The influence of "yin and yang" of purinergic receptors of the P2X and P1 type on the hematopoietic stem cell compartment

Purinergic signaling has emerged as a crucial regulatory network in hematopoiesis that affects the migration and proliferation of hematopoietic stem/progenitor cells (HSPCs). The central purinergic mediator is adenosine triphosphate (ATP), which, after releasing from the cells into the hematopoietic microenvironment as extracellular ATP (eATP), binds as a signaling ligand to the family of P2X purinergic receptors and promotes migration and proliferation of HSPCs. Subsequently, eATP is degraded in extracellular space by two cell surface-expressed ectonucleotidases CD39 and CD73 to its metabolite extracellular adenosine (eAdo), which in the negative feedback mechanism inhibits the positive effects of eATP. We found that murine and human HSPCs express at a high level three eATP binding functional P2X receptors - P2X1, P2X4, and P2X7, and at the same time, they express highly two P1 receptors for eAdo – A2A and A2B. Based on our preliminary data, we hypothesize that while eATP engaging P2X receptors stimulates intracellular pattern recognition receptor (PPR) Nlrp3 inflammasome (Nlrp3), eAdo signaling through P1 receptors has an opposite inhibitory effect on this PRR. Our novel data demonstrated that within the beneficial physiological range of activation in the so-called “hormetic zone,” Nlrp3 stimulates the trafficking and proliferation of HSPCs. It becomes activated by reactive oxygen species (ROS) and inhibited by heme oxygenase-1 (HO-1). While the intracellular level of ROS increases in cells stimulated by eATP, the intracellular level of HO-1 in cytosol increases in response to eAdo. Therefore, in this proposal, we would like to investigate in detail the positive (“yin”) P2 receptor-mediated and negative (“yang”) P1 receptor-mediated signaling effects on Nlrp3 inflammasome mediated HSPCs trafficking.
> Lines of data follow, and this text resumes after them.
(* Let $A=(a_{ij}), B=(b_{ij})\in\mathbb{R}^{n\times n}_+$ be extended Leslie matrices, i.e. entrywise nonnegative matrices whose only possibly nonzero entries are those in the first row, the subdiagonal entries $(i,i-1)$ for $2\le i\le n$, and the $(n,n)$ entry. Define $m_{i,i-1}=\max\{a_{i,i-1},b_{i,i-1}\}$ for $2\le i\le n$ and $m_{nn}=\max\{a_{nn},b_{nn}\}$. Let $S_1$ be the matrix whose first row equals the first row of $A$, whose $(i,i-1)$ entries are $m_{i,i-1}$ for $2\le i\le n$, whose $(n,n)$ entry is $m_{nn}$, and all other entries zero; let $S_2$ be defined identically but with first row equal to the first row of $B$. Assume $S_1$ and $S_2$ are both Schur-stable. Let $\mathcal{L}_{A,B}$ be the set of entrywise nonnegative matrices $D\in\mathbb{R}^{n\times n}$ whose only possibly nonzero entries are the subdiagonal entries $d_{i,i-1}$ ($2\le i\le n$) and the entry $d_{nn}$, and such that $A-D\ge 0$ and $B-D\ge 0$ entrywise. Then for every $D\in\mathcal{L}_{A,B}$ the matrix $$M=\begin{pmatrix} A-D & D\\ D & B-D\end{pmatrix}$$ is Schur-stable.
   Context: A real square matrix is Schur-stable if its spectral radius is strictly less than $1$. $\mathbb{R}^{n\times n}_+$ denotes the set of entrywise nonnegative $n\times n$ real matrices; inequalities between matrices are entrywise. *)

theory Defs
  imports "Jordan_Normal_Form.Spectral_Radius"
begin

text \<open>Matrices are Jordan_Normal_Form matrices with 0-based indices:
  paper entry (i,j) corresponds to index (i-1,j-1).\<close>

definition schur_stable :: "real mat \<Rightarrow> bool" where
  "schur_stable A \<longleftrightarrow> spectral_radius (map_mat complex_of_real A) < 1"

definition nonneg_mat :: "real mat \<Rightarrow> bool" where
  "nonneg_mat A \<longleftrightarrow> (\<forall>i < dim_row A. \<forall>j < dim_col A. A $$ (i,j) \<ge> 0)"

definition ext_leslie :: "nat \<Rightarrow> real mat \<Rightarrow> bool" where
  "ext_leslie n A \<longleftrightarrow> A \<in> carrier_mat n n \<and> nonneg_mat A \<and>
     (\<forall>i < n. \<forall>j < n. A $$ (i,j) \<noteq> 0 \<longrightarrow> i = 0 \<or> i = j + 1 \<or> (i = n - 1 \<and> j = n - 1))"

definition leslie_max :: "nat \<Rightarrow> real mat \<Rightarrow> real mat \<Rightarrow> real mat \<Rightarrow> real mat" where
  "leslie_max n F A B = mat n n (\<lambda>(i,j).
     if i = 0 then F $$ (0,j)
     else if i = j + 1 \<or> (i = n - 1 \<and> j = n - 1) then max (A $$ (i,j)) (B $$ (i,j))
     else 0)"

definition L_set :: "nat \<Rightarrow> real mat \<Rightarrow> real mat \<Rightarrow> real mat set" where
  "L_set n A B = {D. D \<in> carrier_mat n n \<and> nonneg_mat D \<and>
     (\<forall>i < n. \<forall>j < n. D $$ (i,j) \<noteq> 0 \<longrightarrow> i = j + 1 \<or> (i = n - 1 \<and> j = n - 1)) \<and>
     nonneg_mat (A - D) \<and> nonneg_mat (B - D)}"

end

theory Submission
  imports Defs
begin

(* If the block matrix M is not Schur-stable, the moduli of the entries of an eigenvector for an
   eigenvalue of maximal modulus form a nonzero nonnegative vector a with a <= M a.  Folding its
   halves u, w into p = max u w gives u <= A p and w <= B p, because A - D and D are nonnegative
   and add up to A (and likewise for B).  Below the first row, the rows of A and B are dominated
   by those of S_1 and S_2; in the first row, p_1 is u_1 or w_1.  Hence p <= S p for S = S_1 or
   S = S_2.  But a nonnegative Schur-stable S has no such vector: iterating gives p <= S^k p,
   while the entries of S^k decay geometrically. *)

lemma nonneg_matD: "nonneg_mat A \<Longrightarrow> i < dim_row A \<Longrightarrow> j < dim_col A \<Longrightarrow> 0 \<le> A $$ (i,j)"
  unfolding nonneg_mat_def by blast

lemma nonneg_mat_mult:
  assumes "nonneg_mat A" and "nonneg_mat B" and "dim_col A = dim_row B"
  shows "nonneg_mat (A * B)"
  using assms unfolding nonneg_mat_def
  by (auto simp: scalar_prod_def intro!: sum_nonneg mult_nonneg_nonneg)

lemma nonneg_mat_pow:
  assumes "A \<in> carrier_mat n n" and "nonneg_mat A"
  shows "nonneg_mat (A ^\<^sub>m k)"
proof (induction k)
  case (Suc k)
  then show ?case using assms by (simp add: nonneg_mat_mult)
qed (auto simp: nonneg_mat_def)

lemma nonneg_mat_mult_mat_vec_mono:
  assumes "A \<in> carrier_mat m n" and "nonneg_mat A" and "u \<le> v" and "v \<in> carrier_vec n"
  shows "A *\<^sub>v u \<le> A *\<^sub>v v"
  using assms unfolding less_eq_vec_def nonneg_mat_def
  by (auto simp: scalar_prod_def intro!: sum_mono mult_left_mono)

lemma smult_mat_mult_mat_vec:
  assumes "A \<in> carrier_mat m n" and "v \<in> carrier_vec n"
  shows "(c \<cdot>\<^sub>m A) *\<^sub>v v = (c :: 'a :: comm_semiring_0) \<cdot>\<^sub>v (A *\<^sub>v v)"
  using assms by (intro eq_vecI) (auto simp: scalar_prod_def sum_distrib_left mult.assoc)

lemma pow_mat_smult:
  assumes "A \<in> carrier_mat n n"
  shows "(c \<cdot>\<^sub>m A) ^\<^sub>m k = (c :: 'a :: comm_semiring_1) ^ k \<cdot>\<^sub>m A ^\<^sub>m k"
proof (induction k)
  case 0
  show ?case using assms by auto
next
  case (Suc k)
  then show ?case
    using assms
    by (intro eq_matI) (auto simp: mult_smult_assoc_mat[of _ n n] mult_smult_distrib[of _ n n] mult.assoc)
qed

lemma eigenvector_smult_mat:
  assumes A: "A \<in> carrier_mat n n" and ev: "eigenvector (c \<cdot>\<^sub>m A) v ev" and c: "c \<noteq> 0"
  shows "eigenvector A v (ev / (c :: 'a :: field))"
proof -
  have v: "v \<in> carrier_vec n" and "c \<cdot>\<^sub>v (A *\<^sub>v v) = ev \<cdot>\<^sub>v v"
    using A ev by (auto simp: eigenvector_def smult_mat_mult_mat_vec)
  then have "A *\<^sub>v v = (ev / c) \<cdot>\<^sub>v v"
    using c by (metis (no_types) smult_smult_assoc divide_inverse_commute
        field_class.field_inverse mult.commute one_smult_vec)
  then show ?thesis using A ev by (simp add: eigenvector_def)
qed

lemma spectral_radius_smult_mat_le:
  assumes A: "A \<in> carrier_mat n n" and n: "n > 0" and c: "c \<noteq> 0"
  shows "spectral_radius (c \<cdot>\<^sub>m A) \<le> cmod c * spectral_radius A"
proof -
  have cA: "c \<cdot>\<^sub>m A \<in> carrier_mat n n" using A by simp
  obtain ev where "ev \<in> spectrum (c \<cdot>\<^sub>m A)" and sr: "spectral_radius (c \<cdot>\<^sub>m A) = cmod ev"
    using spectral_radius_mem_max(1)[OF cA n] by auto
  then obtain v where "eigenvector (c \<cdot>\<^sub>m A) v ev"
    unfolding spectrum_def eigenvalue_def by auto
  then have "ev / c \<in> spectrum A"
    using eigenvector_smult_mat[OF A _ c] unfolding spectrum_def eigenvalue_def by auto
  then have "cmod ev / cmod c \<le> spectral_radius A"
    using spectral_radius_mem_max(2)[OF A n] by (metis imageI norm_divide)
  then show ?thesis using c sr by (simp add: field_simps)
qed
lemma on_line_if_two_relations:
  assumes rel: "\<forall>i<D. a * U i + b * V i = c * W i + d * Z i"
    and rel': "\<forall>i<D. a' * U i + b' * V i = c' * W i + d' * Z i"
    and "a + b = c + d" and "a' + b' = c' + d'" and "d' * c - d * c' \<noteq> 0"
  shows "on_line D U V W"
proof -
  define s t where "s = d' * a - d * a'" and "t = d' * b - d * b'"
  have "s + t = d' * (a + b) - d * (a' + b')"
    unfolding s_def t_def by (simp add: algebra_simps)
  also have "\<dots> = d' * c - d * c'"
    using assms(3,4) by (simp add: algebra_simps)
  finally have st: "s + t = d' * c - d * c'" .
  \<comment> \<open>\<open>d'\<close> times the first relation minus \<open>d\<close> times the second eliminates \<open>Z\<close>.\<close>
  have "\<forall>i<D. (s + t) * W i = s * U i + t * V i"
  proof (intro allI impI)
    fix i assume "i < D"
    then have "a * U i + b * V i - (c * W i + d * Z i) = 0" "a' * U i + b' * V i - (c' * W i + d' * Z i) = 0"
      using rel rel' by auto
    moreover have "(d' * c - d * c') * W i - (s * U i + t * V i) =
        d * (a' * U i + b' * V i - (c' * W i + d' * Z i)) - d' * (a * U i + b * V i - (c * W i + d * Z i))"
      unfolding s_def t_def by (simp add: algebra_simps)
    ultimately show "(s + t) * W i = s * U i + t * V i"
      unfolding st by simp
  qed
  then show ?thesis
    unfolding on_line_def using st assms(5) by (intro exI[of _ s] exI[of _ t]) simp
qed
lemma kron_carrier_mat:
  "A \<in> carrier_mat m m \<Longrightarrow> B \<in> carrier_mat n n \<Longrightarrow> kron A B \<in> carrier_mat (m*n) (m*n)"
  unfolding carrier_mat_def by simp

lemma index_kron_block:
  assumes "A \<in> carrier_mat m m" "B \<in> carrier_mat n n" "a < m" "b < n" "c < m" "d < n"
  shows "kron A B $$ (a*n + b, c*n + d) = A $$ (a, c) * B $$ (b, d)"
proof -
  have dims: "dim_row A = m" "dim_col A = m" "dim_row B = n" "dim_col B = n"
    using assms(1,2) by auto
  have "a*n + b < m*n" "(a*n + b) div n = a" "(a*n + b) mod n = b"
    "c*n + d < m*n" "(c*n + d) div n = c" "(c*n + d) mod n = d"
    using assms(3-6) by (simp_all add: mult_add_less_mult)
  then show ?thesis
    unfolding kron_def dims by (simp only: index_mat case_prod_conv)
qed

definition kron_vec :: "complex vec \<Rightarrow> complex vec \<Rightarrow> complex vec" where
  "kron_vec x y = vec (dim_vec x * dim_vec y) (\<lambda>i. x $ (i div dim_vec y) * y $ (i mod dim_vec y))"

lemma dim_kron_vec [simp]: "dim_vec (kron_vec x y) = dim_vec x * dim_vec y"
  unfolding kron_vec_def by (rule dim_vec)

lemma kron_vec_carrier: "x \<in> carrier_vec m \<Longrightarrow> y \<in> carrier_vec n \<Longrightarrow> kron_vec x y \<in> carrier_vec (m*n)"
  unfolding carrier_vec_def by simp

lemma index_kron_vec:
  assumes "x \<in> carrier_vec m" "y \<in> carrier_vec n" "a < m" "b < n"
  shows "kron_vec x y $ (a*n + b) = x $ a * y $ b"
proof -
  have dims: "dim_vec x = m" "dim_vec y = n"
    using assms(1,2) by auto
  have "a*n + b < m*n" "(a*n + b) div n = a" "(a*n + b) mod n = b"
    using assms(3,4) by (simp_all add: mult_add_less_mult)
  then show ?thesis
    unfolding kron_vec_def dims by (simp only: index_vec)
qed

lemma kron_vec_smult_left: "kron_vec (c \<cdot>\<^sub>v x) y = c \<cdot>\<^sub>v kron_vec x y"
proof (rule eq_vecI)
  fix i assume "i < dim_vec (c \<cdot>\<^sub>v kron_vec x y)"
  then have "i < dim_vec x * dim_vec y"
    by simp
  then obtain a b where ab: "a < dim_vec x" "b < dim_vec y" and i: "i = a * dim_vec y + b"
    by (rule less_mult_cases)
  have x: "x \<in> carrier_vec (dim_vec x)" and cx: "c \<cdot>\<^sub>v x \<in> carrier_vec (dim_vec x)"
    and y: "y \<in> carrier_vec (dim_vec y)"
    by auto
  show "kron_vec (c \<cdot>\<^sub>v x) y $ i = (c \<cdot>\<^sub>v kron_vec x y) $ i"
    using index_kron_vec[OF cx y ab] index_kron_vec[OF x y ab] mult_add_less_mult[OF ab] ab
    unfolding i by (simp add: mult.assoc)
qed simp

lemma kron_vec_smult_right: "kron_vec x (c \<cdot>\<^sub>v y) = c \<cdot>\<^sub>v kron_vec x y"
proof (rule eq_vecI)
  fix i assume "i < dim_vec (c \<cdot>\<^sub>v kron_vec x y)"
  then have "i < dim_vec x * dim_vec y"
    by simp
  then obtain a b where ab: "a < dim_vec x" "b < dim_vec y" and i: "i = a * dim_vec y + b"
    by (rule less_mult_cases)
  have x: "x \<in> carrier_vec (dim_vec x)" and y: "y \<in> carrier_vec (dim_vec y)"
    and cy: "c \<cdot>\<^sub>v y \<in> carrier_vec (dim_vec y)"
    by auto
  show "kron_vec x (c \<cdot>\<^sub>v y) $ i = (c \<cdot>\<^sub>v kron_vec x y) $ i"
    using index_kron_vec[OF x cy ab] index_kron_vec[OF x y ab] mult_add_less_mult[OF ab] ab
    unfolding i by (simp add: mult.left_commute)
qed simp

lemma row_norm_sum_kron:
  assumes A: "A \<in> carrier_mat m m" and B: "B \<in> carrier_mat n n" and "a < m" "b < n"
  shows "row_norm_sum (kron A B) (a*n + b) = row_norm_sum A a * row_norm_sum B b"
proof -
  have "row_norm_sum (kron A B) (a*n + b) = (\<Sum>c<m. \<Sum>d<n. norm (kron A B $$ (a*n + b, c*n + d)))"
    using A B by (simp add: row_norm_sum_def sum_lessThan_mult)
  also have "\<dots> = (\<Sum>c<m. \<Sum>d<n. norm (A $$ (a, c)) * norm (B $$ (b, d)))"
    using assms by (intro sum.cong refl) (simp add: index_kron_block[OF A B] norm_mult)
  also have "\<dots> = row_norm_sum A a * row_norm_sum B b"
    using A B by (simp add: row_norm_sum_def sum_product)
  finally show ?thesis .
qed

lemma kron_mult_kron_vec:
  assumes A: "A \<in> carrier_mat m m" and B: "B \<in> carrier_mat n n"
    and x: "x \<in> carrier_vec m" and y: "y \<in> carrier_vec n"
  shows "kron A B *\<^sub>v kron_vec x y = kron_vec (A *\<^sub>v x) (B *\<^sub>v y)"
proof (rule eq_vecI)
  fix i assume "i < dim_vec (kron_vec (A *\<^sub>v x) (B *\<^sub>v y))"
  then have "i < m * n"
    using A B by simp
  then obtain a b where ab: "a < m" "b < n" and i: "i = a*n + b"
    by (rule less_mult_cases)
  have "(kron A B *\<^sub>v kron_vec x y) $ i = (\<Sum>j<m*n. kron A B $$ (i,j) * kron_vec x y $ j)"
    using A B x y ab i mult_add_less_mult[OF ab] by (simp add: scalar_prod_def atLeast0LessThan)
  also have "\<dots> = (\<Sum>c<m. \<Sum>d<n. (A $$ (a, c) * x $ c) * (B $$ (b, d) * y $ d))"
    unfolding sum_lessThan_mult i using ab x y
    by (intro sum.cong refl) (simp add: index_kron_block[OF A B] index_kron_vec[OF x y])
  also have "\<dots> = (\<Sum>c<m. A $$ (a, c) * x $ c) * (\<Sum>d<n. B $$ (b, d) * y $ d)"
    by (simp add: sum_product)
  also have "\<dots> = kron_vec (A *\<^sub>v x) (B *\<^sub>v y) $ i"
    using A B x y ab index_kron_vec[of "A *\<^sub>v x" m "B *\<^sub>v y" n a b] unfolding i
    by (simp add: scalar_prod_def atLeast0LessThan)
  finally show "(kron A B *\<^sub>v kron_vec x y) $ i = kron_vec (A *\<^sub>v x) (B *\<^sub>v y) $ i" .
qed simp

lemma kron_sum_mult_kron_vec:
  assumes A: "A \<in> carrier_mat m m" and B: "B \<in> carrier_mat n n"
    and x: "x \<in> carrier_vec m" and y: "y \<in> carrier_vec n"
    and eig_x: "A *\<^sub>v x = a \<cdot>\<^sub>v x" and eig_y: "B *\<^sub>v y = b \<cdot>\<^sub>v y"
  shows "(kron A (1\<^sub>m n) + kron (1\<^sub>m m) B) *\<^sub>v kron_vec x y = (a + b) \<cdot>\<^sub>v kron_vec x y"
proof -
  have "(kron A (1\<^sub>m n) + kron (1\<^sub>m m) B) *\<^sub>v kron_vec x y
      = kron A (1\<^sub>m n) *\<^sub>v kron_vec x y + kron (1\<^sub>m m) B *\<^sub>v kron_vec x y"
    by (rule add_mult_distrib_mat_vec[OF kron_carrier_mat[OF A one_carrier_mat]
          kron_carrier_mat[OF one_carrier_mat B] kron_vec_carrier[OF x y]])
  also have "\<dots> = kron_vec (a \<cdot>\<^sub>v x) y + kron_vec x (b \<cdot>\<^sub>v y)"
    using x y eig_x eig_y
    by (simp add: kron_mult_kron_vec[OF A one_carrier_mat x y] kron_mult_kron_vec[OF one_carrier_mat B x y])
  also have "\<dots> = a \<cdot>\<^sub>v kron_vec x y + b \<cdot>\<^sub>v kron_vec x y"
    by (simp add: kron_vec_smult_left kron_vec_smult_right)
  also have "\<dots> = (a + b) \<cdot>\<^sub>v kron_vec x y"
    by (simp add: add_smult_distrib_vec)
  finally show ?thesis .
qed

lemma cis_add_cis_uminus: "cis a + cis (-a) = complex_of_real (2 * cos a)"
  by (simp add: complex_eq_iff)

lemma cis_add_cis_diff: "cis (x + a) + cis (x - a) = complex_of_real (2 * cos a) * cis x"
  by (simp add: complex_eq_iff cos_add cos_diff sin_add sin_diff algebra_simps)

lemma Delta_carrier: "r \<ge> 1 \<Longrightarrow> Delta r \<theta> \<in> carrier_mat r r"
  unfolding Delta_def by auto
theorem theorem1:
  fixes n k R :: nat
  assumes "0 < k" and "k < n" and "0 < R"
  shows "cc_capacity n k R =
           log 2 (real (n choose k))
           - (1 / real k ^ R) * (\<Sum>l=1..min k R.
                real (k choose l) * real (Stirling R l) * fact l
                * log 2 (real ((n - l) choose (k - l))))
       \<and> cc_input_dist n k (cc_uniform n k)
       \<and> cc_mutual_info n k R (cc_uniform n k) = cc_capacity n k R"
  (is "_ = ?V \<and> _")
proof -
  let ?X = "cc_inputs n k" and ?Y = "cc_outputs n R" and ?W = "cc_trans k R"
  have uniform: "cc_input_dist n k (cc_uniform n k)"
    using assms by (simp add: cc_input_dist_uniform)
  have const: "\<And>x. x \<in> ?X \<Longrightarrow> rel_entropy ?Y (?W x) (output_prob ?X ?W (cc_uniform n k)) = ?V"
    using rel_entropy_cc_trans_uniform assms by (simp add: cc_out_prob_eq_output_prob)
  have attained: "cc_mutual_info n k R (cc_uniform n k) = ?V"
    using uniform const unfolding cc_input_dist_def cc_mutual_info_eq_mutual_information
    by (blast intro: mutual_information_eq_if_rel_entropy_const)
  have bounded: "cc_mutual_info n k R p \<le> ?V" if "cc_input_dist n k p" for p
    unfolding cc_mutual_info_eq_mutual_information
  proof (rule mutual_information_le_if_rel_entropy_const[OF finite_cc_inputs finite_cc_outputs])
    show "\<And>x. x \<in> ?X \<Longrightarrow> 0 < cc_uniform n k x"
      using assms by (simp add: cc_uniform_def)
  qed (use that uniform const sum_cc_trans assms in \<open>auto simp: cc_input_dist_def cc_trans_def\<close>)
  have "cc_capacity n k R = ?V"
    unfolding cc_capacity_def
  proof (rule cSup_eq_maximum)
    show "?V \<in> cc_mutual_info n k R ` {p. cc_input_dist n k p}"
      using uniform attained by (intro rev_image_eqI[of "cc_uniform n k"]) auto
  qed (use bounded in auto)
  with uniform attained show ?thesis by simp
qed

end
We will perform our experiments using murine and human HSPCs, murine strains deficient in purinergic receptors, and employ small molecular modulators of investigated pathways. In parallel, we will analyze in-depth molecular changes at the mRNA and protein level by using state-of-the-art OMICS strategies. These studies will lead to the development of better stem cell mobilization and homing protocols and lead to more efficient ex vivo expansion of HSPCs.   This work was supported by the National Science Centre, Poland OPUS grant UMO- 2022/45/B/NZ3/00476.